**Input:**
· · · ·
definition vgrid :: "nat \<Rightarrow> nat \<Rightarrow> nat \<Rightarrow> cell set" where
  "vgrid n1 n2 n3 = box (1, int n1) (1, int n2) (1, int n3)"

definition tgrid :: "nat \<Rightarrow> nat \<Rightarrow> nat \<Rightarrow> cell set" where
  "tgrid n1 n2 n3 = box (1, 2 * int n1 - 1) (1, 2 * int n2 - 1) (1, 2 * int n3 - 1)"

definition connected_set :: "cell set \<Rightarrow> bool" where
  "connected_set S \<longleftrightarrow>
     (\<forall>x\<in>S. \<forall>y\<in>S. (x, y) \<in> {(u, v). u \<in> S \<and> v \<in> S \<and> l1dist u v = 1}\<^sup>*)"

definition segment_label_map :: "nat \<Rightarrow> nat \<Rightarrow> nat \<Rightarrow> (cell \<Rightarrow> nat) \<Rightarrow> bool" where
  "segment_label_map n1 n2 n3 \<sigma> \<longleftrightarrow>
     (\<forall>r\<in>vgrid n1 n2 n3. 1 \<le> \<sigma> r) \<and>
     (\<forall>l. connected_set {r \<in> vgrid n1 n2 n3. \<sigma> r = l})"

text \<open>Gamma(t) taken inside the cell box B (the domain of the labeling).\<close>
definition cobd :: "cell set \<Rightarrow> cell \<Rightarrow> cell set" where
  "cobd B t = {s \<in> B. l1dist s t = 1 \<and> dimc s = dimc t + 1}"

definition cconn :: "cell set \<Rightarrow> cell \<Rightarrow> cell \<Rightarrow> bool" where
  "cconn Tg t1 t2 \<longleftrightarrow> (\<exists>t\<in>Tg. t1 \<in> cobd Tg t \<and> t2 \<in> cobd Tg t)"

definition theta :: "(cell \<Rightarrow> nat) \<Rightarrow> cell set \<Rightarrow> cell \<Rightarrow> nat set" where
  "theta lab B t = {l. 0 < l \<and> card {s \<in> cobd B t. lab s = l} = 1}"

text \<open>The voxel r with 2r-1 = t.\<close>
definition voxel_of :: "cell \<Rightarrow> cell" where
  "voxel_of t = (case t of (a, b, c) \<Rightarrow> ((a + 1) div 2, (b + 1) div 2, (c + 1) div 2))"

text \<open>is_LABEL Tg sigma B lab: lab is a possible output of LABEL(sigma, B)
  (the numbering of classes being arbitrary), Tg being the full topological grid.\<close>
definition is_LABEL :: "cell set \<Rightarrow> (cell \<Rightarrow> nat) \<Rightarrow> cell set \<Rightarrow> (cell \<Rightarrow> nat) \<Rightarrow> bool" where
  "is_LABEL Tg \<sigma> B lab \<longleftrightarrow>
     (\<forall>t\<in>B. dimc t = 3 \<longrightarrow> lab t = \<sigma> (voxel_of t)) \<and>
     (\<forall>j\<in>{0, 1, 2}.
        let A = {t \<in> B. dimc t = j \<and> theta lab B t \<noteq> {}} in
        (\<forall>t\<in>B. dimc t = j \<and> theta lab B t = {} \<longrightarrow> lab t = 0) \<and>
        (\<forall>s\<in>A. \<forall>t\<in>A. lab s = lab t \<longleftrightarrow>
           (theta lab B s = theta lab B t \<and>
            (s, t) \<in> {(x, y). x \<in> A \<and> y \<in> A \<and> theta lab B x = theta lab B s \<and>
                              theta lab B y = theta lab B s \<and> cconn Tg x y}\<^sup>*)) \<and>
        lab ` A = {1..card (lab ` A)})"

definition mcount :: "(cell \<Rightarrow> nat) \<Rightarrow> cell set \<Rightarrow> nat \<Rightarrow> nat" where
  "mcount lab B j = card (lab ` {t \<in> B. dimc t = j \<and> 0 < lab t})"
· · · ·
**Work instruction:**
Using the listing above, copy exactly the line that contains "x = theta lab B s \<and>", the line that contains "set \<Rightarrow> nat", and each line that falls between them.

**Solution for this task:**
            (s, t) \<in> {(x, y). x \<in> A \<and> y \<in> A \<and> theta lab B x = theta lab B s \<and>
                              theta lab B y = theta lab B s \<and> cconn Tg x y}\<^sup>*)) \<and>
        lab ` A = {1..card (lab ` A)})"

definition mcount :: "(cell \<Rightarrow> nat) \<Rightarrow> cell set \<Rightarrow> nat \<Rightarrow> nat" where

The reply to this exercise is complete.